[Dataset items]
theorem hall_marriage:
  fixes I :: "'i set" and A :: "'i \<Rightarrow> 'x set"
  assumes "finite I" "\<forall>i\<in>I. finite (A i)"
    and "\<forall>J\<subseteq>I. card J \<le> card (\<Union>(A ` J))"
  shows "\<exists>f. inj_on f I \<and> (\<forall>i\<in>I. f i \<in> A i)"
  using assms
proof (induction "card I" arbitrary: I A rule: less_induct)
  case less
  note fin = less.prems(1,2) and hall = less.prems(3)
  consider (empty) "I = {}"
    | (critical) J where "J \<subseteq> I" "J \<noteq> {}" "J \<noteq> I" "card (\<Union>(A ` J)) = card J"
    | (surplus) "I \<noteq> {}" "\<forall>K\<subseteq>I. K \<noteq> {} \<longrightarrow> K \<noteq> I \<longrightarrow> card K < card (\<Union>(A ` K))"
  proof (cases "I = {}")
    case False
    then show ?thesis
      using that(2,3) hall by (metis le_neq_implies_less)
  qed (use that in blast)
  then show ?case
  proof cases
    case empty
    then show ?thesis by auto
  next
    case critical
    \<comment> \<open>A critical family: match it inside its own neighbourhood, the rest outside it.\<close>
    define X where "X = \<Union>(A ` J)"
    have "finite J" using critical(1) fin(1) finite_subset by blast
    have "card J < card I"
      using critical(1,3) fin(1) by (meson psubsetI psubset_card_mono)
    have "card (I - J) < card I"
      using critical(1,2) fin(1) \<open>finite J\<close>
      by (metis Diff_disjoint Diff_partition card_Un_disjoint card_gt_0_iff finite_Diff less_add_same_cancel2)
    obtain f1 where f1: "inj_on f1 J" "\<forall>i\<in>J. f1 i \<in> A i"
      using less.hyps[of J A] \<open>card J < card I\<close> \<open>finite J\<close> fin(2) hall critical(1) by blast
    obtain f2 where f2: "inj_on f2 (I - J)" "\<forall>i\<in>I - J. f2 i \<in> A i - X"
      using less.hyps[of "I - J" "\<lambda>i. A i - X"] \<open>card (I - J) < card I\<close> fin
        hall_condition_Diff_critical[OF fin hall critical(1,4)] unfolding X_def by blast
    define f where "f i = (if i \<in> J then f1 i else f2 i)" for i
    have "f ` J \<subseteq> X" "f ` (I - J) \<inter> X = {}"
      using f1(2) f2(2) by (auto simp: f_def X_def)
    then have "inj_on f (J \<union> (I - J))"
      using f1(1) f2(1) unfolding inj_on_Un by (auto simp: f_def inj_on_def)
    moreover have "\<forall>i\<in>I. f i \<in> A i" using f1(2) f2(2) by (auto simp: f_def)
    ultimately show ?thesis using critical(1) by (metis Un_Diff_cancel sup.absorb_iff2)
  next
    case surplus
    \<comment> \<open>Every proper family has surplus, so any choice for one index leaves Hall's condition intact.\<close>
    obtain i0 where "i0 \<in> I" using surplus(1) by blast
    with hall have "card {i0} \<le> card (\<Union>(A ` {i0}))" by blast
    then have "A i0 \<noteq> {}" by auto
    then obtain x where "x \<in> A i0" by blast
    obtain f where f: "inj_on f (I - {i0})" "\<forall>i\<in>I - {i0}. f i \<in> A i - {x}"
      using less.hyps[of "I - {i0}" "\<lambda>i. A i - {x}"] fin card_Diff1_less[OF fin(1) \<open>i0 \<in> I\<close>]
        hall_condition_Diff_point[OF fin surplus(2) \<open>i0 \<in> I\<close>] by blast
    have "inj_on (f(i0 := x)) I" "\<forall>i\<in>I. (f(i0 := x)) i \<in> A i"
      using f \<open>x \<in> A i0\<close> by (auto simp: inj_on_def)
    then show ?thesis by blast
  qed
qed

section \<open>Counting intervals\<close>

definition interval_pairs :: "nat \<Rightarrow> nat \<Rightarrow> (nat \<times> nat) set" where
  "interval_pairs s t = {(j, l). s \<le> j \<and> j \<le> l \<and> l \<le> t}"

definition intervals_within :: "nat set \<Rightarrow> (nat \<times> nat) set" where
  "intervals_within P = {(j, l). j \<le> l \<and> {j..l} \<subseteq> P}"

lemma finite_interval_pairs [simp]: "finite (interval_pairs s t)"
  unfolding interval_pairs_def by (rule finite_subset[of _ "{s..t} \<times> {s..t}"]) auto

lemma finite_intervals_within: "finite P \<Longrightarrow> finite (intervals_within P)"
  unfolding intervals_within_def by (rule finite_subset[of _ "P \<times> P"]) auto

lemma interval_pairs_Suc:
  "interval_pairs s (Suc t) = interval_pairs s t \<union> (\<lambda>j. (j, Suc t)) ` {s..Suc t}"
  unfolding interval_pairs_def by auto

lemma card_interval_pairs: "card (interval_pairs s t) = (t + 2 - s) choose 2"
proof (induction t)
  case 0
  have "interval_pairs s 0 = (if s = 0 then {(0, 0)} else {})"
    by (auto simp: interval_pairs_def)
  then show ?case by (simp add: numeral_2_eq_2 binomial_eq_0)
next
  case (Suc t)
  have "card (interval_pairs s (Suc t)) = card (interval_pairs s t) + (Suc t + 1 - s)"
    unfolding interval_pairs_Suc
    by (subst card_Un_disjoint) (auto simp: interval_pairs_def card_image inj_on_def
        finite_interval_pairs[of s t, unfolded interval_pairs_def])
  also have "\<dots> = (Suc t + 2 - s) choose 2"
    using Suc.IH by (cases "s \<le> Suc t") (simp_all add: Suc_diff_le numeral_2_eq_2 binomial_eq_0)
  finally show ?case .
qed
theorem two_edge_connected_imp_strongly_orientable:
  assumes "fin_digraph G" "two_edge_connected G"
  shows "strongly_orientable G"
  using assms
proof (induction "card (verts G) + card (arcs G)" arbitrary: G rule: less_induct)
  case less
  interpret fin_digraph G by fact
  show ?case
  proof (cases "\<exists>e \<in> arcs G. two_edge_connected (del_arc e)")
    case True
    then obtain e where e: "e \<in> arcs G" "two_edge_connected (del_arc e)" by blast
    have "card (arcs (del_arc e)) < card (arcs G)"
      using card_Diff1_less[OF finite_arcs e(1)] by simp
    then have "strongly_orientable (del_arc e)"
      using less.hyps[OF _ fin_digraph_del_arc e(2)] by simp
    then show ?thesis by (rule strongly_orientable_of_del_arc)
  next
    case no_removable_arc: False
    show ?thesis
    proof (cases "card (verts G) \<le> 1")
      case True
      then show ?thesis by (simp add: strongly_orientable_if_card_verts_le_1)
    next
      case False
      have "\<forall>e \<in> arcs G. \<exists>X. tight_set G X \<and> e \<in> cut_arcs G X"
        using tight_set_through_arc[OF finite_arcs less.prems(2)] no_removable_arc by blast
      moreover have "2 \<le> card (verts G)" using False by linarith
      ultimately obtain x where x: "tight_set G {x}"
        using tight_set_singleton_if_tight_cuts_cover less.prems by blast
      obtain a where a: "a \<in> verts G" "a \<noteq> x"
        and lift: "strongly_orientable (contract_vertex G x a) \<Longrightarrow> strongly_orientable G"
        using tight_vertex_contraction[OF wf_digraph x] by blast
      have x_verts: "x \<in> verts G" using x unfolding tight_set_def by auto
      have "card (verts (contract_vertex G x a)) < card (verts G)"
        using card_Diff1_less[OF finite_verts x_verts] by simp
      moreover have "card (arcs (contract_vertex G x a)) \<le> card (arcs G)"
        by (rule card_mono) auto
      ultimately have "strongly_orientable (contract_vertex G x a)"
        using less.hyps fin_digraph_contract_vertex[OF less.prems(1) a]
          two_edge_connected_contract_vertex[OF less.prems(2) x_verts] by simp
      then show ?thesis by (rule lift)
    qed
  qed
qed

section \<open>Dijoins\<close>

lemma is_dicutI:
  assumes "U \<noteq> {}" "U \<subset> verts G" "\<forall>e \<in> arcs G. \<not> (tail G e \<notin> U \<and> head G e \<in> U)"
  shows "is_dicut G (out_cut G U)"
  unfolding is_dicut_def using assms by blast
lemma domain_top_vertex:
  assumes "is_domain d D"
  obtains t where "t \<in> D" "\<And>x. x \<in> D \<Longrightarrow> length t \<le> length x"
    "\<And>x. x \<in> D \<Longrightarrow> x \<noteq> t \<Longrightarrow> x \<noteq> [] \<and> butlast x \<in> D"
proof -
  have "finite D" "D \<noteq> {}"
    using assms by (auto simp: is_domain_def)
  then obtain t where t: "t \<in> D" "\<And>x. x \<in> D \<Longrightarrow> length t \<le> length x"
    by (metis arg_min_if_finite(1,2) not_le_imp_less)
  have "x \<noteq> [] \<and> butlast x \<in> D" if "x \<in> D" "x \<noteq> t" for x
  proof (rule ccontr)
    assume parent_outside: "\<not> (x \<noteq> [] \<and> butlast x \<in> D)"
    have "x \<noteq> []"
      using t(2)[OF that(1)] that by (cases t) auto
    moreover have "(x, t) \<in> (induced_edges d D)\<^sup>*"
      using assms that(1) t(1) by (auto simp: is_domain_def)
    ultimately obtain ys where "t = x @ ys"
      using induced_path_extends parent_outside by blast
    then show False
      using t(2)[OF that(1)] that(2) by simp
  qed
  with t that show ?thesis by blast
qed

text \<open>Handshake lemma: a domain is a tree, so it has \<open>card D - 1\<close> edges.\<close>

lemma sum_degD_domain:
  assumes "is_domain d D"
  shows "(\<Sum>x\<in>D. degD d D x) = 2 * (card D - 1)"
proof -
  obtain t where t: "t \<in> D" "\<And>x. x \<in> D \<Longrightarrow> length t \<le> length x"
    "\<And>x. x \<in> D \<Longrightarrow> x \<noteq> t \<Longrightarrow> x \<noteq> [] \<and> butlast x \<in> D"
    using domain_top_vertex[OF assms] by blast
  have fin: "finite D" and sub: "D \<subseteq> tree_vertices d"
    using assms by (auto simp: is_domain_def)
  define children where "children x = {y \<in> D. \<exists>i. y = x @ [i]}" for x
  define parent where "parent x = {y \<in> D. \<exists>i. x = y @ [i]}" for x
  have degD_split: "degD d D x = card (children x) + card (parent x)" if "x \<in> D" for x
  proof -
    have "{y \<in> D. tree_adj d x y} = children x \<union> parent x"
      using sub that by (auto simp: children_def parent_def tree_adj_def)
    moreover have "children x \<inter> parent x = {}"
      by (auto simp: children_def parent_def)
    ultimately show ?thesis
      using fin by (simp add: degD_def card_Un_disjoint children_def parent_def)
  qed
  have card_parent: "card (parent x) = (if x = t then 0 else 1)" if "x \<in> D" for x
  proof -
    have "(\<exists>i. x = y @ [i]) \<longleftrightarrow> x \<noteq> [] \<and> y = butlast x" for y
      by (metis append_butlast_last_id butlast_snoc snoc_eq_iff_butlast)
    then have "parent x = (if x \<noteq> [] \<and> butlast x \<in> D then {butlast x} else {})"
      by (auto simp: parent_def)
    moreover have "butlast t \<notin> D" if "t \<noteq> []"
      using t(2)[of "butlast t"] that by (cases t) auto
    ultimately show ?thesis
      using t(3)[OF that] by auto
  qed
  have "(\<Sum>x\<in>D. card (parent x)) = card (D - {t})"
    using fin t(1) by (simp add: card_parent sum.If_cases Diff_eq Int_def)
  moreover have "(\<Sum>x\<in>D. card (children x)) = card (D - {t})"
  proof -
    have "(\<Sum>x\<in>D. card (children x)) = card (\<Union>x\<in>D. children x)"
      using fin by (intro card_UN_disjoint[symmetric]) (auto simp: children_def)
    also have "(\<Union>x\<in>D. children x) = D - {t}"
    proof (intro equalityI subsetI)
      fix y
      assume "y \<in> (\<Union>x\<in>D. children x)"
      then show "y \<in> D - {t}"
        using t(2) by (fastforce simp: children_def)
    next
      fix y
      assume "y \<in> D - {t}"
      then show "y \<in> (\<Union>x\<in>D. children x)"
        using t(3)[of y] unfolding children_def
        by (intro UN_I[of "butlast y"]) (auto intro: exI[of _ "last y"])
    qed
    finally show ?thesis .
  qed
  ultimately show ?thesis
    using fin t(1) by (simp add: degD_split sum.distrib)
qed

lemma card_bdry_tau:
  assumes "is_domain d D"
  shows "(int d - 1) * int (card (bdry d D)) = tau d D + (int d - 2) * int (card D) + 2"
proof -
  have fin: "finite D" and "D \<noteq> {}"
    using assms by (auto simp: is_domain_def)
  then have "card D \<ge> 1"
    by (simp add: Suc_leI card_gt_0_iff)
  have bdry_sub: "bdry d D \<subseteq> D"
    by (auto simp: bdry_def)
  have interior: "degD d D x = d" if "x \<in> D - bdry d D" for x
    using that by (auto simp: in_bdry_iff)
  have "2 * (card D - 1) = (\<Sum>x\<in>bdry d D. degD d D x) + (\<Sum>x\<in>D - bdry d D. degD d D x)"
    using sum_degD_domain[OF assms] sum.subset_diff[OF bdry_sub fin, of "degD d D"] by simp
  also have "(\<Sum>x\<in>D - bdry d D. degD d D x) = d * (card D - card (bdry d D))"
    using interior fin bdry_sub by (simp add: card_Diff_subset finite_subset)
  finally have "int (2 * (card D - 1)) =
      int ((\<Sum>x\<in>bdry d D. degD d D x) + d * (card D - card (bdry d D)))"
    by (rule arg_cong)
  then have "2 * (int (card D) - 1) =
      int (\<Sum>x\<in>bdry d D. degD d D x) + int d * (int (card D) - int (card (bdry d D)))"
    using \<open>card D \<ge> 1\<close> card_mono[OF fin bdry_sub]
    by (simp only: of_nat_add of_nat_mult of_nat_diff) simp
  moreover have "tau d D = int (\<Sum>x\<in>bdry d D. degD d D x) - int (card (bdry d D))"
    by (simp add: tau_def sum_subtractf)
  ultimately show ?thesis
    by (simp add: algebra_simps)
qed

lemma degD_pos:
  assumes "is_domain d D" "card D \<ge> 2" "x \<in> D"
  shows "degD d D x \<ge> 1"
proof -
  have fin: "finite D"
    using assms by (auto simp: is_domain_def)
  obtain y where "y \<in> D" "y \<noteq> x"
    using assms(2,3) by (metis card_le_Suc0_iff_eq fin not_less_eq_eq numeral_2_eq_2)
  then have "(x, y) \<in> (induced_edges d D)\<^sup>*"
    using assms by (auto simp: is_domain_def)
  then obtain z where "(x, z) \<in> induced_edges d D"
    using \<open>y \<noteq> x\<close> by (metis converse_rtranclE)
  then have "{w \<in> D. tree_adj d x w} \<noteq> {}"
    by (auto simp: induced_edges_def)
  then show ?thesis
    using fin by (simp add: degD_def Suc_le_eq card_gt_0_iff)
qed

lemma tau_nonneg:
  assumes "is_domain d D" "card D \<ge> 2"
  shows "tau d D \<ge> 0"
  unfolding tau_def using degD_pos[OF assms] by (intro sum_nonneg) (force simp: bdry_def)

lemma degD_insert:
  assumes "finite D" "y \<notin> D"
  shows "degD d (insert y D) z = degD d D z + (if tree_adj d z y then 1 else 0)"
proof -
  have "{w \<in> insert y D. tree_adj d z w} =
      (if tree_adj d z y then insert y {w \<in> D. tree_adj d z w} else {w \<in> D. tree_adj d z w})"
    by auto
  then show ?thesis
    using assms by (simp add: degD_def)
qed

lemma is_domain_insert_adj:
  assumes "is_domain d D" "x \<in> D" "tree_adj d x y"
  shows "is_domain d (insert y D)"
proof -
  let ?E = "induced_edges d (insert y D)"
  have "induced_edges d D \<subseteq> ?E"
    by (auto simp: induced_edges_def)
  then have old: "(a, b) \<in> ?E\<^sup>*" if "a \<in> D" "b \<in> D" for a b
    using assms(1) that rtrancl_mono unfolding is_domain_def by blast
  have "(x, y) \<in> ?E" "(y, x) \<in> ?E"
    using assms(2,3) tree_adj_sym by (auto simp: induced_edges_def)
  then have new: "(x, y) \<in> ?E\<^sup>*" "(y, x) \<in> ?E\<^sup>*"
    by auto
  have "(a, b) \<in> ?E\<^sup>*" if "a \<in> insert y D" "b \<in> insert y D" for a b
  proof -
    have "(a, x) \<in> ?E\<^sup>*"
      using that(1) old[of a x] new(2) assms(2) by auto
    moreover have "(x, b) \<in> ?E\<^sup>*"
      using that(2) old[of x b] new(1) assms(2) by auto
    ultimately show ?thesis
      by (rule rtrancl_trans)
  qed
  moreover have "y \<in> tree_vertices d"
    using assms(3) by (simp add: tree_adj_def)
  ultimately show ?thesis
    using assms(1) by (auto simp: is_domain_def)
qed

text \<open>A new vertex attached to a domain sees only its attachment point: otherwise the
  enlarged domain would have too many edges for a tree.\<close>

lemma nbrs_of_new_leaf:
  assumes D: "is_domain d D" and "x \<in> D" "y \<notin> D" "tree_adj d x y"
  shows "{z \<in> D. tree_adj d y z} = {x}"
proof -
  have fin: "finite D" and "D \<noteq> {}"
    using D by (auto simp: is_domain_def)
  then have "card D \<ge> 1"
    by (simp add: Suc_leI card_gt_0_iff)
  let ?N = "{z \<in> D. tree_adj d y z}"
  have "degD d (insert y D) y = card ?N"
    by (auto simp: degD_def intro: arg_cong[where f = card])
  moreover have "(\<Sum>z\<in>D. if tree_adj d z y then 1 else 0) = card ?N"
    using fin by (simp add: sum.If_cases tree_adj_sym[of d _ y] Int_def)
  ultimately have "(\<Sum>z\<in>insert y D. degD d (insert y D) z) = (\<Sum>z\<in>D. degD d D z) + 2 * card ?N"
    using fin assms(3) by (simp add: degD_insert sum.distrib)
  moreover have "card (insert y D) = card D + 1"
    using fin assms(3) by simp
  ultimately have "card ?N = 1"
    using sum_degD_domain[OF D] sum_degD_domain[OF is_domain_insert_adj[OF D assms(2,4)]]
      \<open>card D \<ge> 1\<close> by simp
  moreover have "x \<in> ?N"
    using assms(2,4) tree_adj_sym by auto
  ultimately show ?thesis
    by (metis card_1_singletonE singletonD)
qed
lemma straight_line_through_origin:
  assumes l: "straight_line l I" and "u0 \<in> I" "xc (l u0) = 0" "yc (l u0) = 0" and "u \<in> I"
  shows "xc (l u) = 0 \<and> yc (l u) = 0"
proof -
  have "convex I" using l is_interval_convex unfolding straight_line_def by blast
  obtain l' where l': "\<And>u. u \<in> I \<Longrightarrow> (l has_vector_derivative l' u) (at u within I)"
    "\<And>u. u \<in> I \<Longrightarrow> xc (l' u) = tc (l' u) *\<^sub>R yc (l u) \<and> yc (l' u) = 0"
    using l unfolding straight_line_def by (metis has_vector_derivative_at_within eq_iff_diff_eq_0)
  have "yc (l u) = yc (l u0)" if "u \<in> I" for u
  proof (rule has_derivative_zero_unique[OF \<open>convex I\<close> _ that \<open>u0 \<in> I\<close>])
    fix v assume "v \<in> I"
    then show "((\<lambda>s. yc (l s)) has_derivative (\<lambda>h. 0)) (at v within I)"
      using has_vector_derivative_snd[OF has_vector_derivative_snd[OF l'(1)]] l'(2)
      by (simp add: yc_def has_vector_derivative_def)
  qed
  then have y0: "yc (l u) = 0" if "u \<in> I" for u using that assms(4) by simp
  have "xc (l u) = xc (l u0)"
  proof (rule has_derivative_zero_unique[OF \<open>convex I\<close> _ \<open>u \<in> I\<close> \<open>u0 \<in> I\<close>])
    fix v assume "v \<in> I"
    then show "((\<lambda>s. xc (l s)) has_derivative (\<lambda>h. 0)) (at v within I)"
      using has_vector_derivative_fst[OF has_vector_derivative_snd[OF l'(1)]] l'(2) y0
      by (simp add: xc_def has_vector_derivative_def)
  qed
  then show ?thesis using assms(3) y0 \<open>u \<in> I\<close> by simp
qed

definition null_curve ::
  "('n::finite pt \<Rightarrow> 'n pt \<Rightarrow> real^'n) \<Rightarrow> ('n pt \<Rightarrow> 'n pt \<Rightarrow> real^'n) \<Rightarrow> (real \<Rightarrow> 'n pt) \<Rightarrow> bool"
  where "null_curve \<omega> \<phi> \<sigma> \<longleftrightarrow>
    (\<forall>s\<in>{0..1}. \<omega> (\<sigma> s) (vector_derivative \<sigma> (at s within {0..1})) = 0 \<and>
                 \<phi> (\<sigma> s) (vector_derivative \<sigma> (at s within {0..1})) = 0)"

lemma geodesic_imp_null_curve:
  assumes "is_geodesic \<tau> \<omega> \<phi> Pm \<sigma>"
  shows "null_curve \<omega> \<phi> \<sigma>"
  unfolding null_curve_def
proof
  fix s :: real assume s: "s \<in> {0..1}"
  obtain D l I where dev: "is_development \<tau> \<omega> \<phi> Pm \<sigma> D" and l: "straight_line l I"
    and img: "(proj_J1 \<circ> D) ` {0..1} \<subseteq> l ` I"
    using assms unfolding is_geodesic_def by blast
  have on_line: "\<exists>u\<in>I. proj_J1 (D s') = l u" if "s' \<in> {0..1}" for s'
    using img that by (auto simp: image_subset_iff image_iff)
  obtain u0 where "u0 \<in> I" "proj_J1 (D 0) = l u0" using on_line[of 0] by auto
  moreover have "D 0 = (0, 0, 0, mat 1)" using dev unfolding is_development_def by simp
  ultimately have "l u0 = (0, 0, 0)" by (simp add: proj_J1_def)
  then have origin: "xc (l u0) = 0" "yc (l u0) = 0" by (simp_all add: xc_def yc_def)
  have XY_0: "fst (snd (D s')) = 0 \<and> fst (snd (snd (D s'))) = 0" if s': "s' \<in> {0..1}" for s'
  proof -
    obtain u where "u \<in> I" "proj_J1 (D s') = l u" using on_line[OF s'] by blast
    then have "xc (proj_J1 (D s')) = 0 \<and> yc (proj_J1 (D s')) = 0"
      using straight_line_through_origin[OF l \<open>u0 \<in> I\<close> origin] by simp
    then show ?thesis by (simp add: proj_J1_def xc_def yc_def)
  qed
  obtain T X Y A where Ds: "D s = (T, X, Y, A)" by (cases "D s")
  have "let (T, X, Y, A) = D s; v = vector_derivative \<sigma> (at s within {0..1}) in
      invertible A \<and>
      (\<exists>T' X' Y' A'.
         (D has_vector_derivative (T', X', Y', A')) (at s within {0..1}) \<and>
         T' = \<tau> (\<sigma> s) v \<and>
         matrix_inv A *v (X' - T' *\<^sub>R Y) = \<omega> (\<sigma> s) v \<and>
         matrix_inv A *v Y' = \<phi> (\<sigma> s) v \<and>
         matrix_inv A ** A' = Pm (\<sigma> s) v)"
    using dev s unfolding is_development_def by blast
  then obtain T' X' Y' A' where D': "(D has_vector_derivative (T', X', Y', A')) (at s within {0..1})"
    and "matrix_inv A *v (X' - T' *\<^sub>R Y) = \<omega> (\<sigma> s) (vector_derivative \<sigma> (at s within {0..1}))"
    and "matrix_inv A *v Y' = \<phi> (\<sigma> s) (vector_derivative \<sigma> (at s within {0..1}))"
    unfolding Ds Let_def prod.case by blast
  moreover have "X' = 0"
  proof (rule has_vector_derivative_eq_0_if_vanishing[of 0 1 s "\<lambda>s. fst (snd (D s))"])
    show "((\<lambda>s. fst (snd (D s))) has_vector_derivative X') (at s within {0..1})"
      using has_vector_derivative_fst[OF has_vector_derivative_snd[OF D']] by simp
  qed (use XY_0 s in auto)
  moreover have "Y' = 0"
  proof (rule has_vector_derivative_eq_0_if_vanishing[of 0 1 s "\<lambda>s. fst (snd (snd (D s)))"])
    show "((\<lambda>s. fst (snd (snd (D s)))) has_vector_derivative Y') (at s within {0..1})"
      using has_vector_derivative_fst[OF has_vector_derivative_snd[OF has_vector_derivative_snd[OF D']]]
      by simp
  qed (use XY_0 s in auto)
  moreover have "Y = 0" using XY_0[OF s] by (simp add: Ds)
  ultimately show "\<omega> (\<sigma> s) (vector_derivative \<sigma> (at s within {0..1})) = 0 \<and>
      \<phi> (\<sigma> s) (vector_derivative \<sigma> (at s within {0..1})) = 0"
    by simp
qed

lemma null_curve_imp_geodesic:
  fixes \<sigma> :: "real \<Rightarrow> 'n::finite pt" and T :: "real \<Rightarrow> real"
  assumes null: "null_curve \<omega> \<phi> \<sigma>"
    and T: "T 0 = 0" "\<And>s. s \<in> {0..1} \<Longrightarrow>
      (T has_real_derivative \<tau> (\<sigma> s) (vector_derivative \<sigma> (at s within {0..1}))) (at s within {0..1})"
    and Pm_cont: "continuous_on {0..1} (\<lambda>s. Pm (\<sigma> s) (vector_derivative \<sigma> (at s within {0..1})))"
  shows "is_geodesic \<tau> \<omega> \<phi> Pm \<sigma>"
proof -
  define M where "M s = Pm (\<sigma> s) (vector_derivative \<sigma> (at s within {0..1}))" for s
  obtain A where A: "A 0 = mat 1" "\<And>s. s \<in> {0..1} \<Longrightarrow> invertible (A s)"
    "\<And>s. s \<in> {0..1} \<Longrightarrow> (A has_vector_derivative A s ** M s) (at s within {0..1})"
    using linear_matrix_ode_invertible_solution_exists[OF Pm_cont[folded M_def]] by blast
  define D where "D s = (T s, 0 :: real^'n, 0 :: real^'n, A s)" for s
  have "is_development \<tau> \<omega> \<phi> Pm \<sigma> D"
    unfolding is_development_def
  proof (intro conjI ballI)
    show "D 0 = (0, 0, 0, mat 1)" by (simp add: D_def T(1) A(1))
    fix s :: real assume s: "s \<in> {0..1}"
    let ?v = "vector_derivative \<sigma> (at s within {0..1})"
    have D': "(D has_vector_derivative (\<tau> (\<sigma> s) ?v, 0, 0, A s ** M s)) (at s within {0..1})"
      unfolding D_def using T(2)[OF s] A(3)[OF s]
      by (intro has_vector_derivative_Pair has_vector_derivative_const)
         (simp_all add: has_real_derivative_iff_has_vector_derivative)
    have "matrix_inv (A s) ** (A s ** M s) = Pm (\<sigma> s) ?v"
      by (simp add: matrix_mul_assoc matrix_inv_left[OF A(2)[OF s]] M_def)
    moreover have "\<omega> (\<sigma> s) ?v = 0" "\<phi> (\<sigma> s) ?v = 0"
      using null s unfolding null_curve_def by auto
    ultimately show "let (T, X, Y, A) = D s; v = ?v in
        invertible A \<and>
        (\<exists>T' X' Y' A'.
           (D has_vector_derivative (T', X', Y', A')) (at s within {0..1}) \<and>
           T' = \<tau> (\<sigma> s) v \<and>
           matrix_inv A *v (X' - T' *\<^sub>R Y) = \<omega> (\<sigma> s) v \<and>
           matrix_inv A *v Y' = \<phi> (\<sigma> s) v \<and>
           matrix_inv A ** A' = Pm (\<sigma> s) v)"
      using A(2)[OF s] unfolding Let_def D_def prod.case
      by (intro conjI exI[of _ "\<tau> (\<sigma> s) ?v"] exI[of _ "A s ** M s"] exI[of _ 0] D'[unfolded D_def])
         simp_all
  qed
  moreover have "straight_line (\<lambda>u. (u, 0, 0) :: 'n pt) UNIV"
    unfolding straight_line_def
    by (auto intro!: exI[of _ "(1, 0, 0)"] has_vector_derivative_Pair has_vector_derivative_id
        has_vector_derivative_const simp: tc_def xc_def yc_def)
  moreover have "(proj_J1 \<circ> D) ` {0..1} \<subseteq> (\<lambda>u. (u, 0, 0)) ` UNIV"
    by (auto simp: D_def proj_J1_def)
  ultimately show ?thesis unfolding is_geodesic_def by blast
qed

■ **WHAT THE TASK REQUIRES**: Copy word for word the stretch of entries above from the line that has "using fin assms(3) by simp" through the line that has "using assms(2,4) tree_adj_sym by auto", both ends included, and nothing outside it.

■ **REPLY**:
    using fin assms(3) by simp
  ultimately have "card ?N = 1"
    using sum_degD_domain[OF D] sum_degD_domain[OF is_domain_insert_adj[OF D assms(2,4)]]
      \<open>card D \<ge> 1\<close> by simp
  moreover have "x \<in> ?N"
    using assms(2,4) tree_adj_sym by auto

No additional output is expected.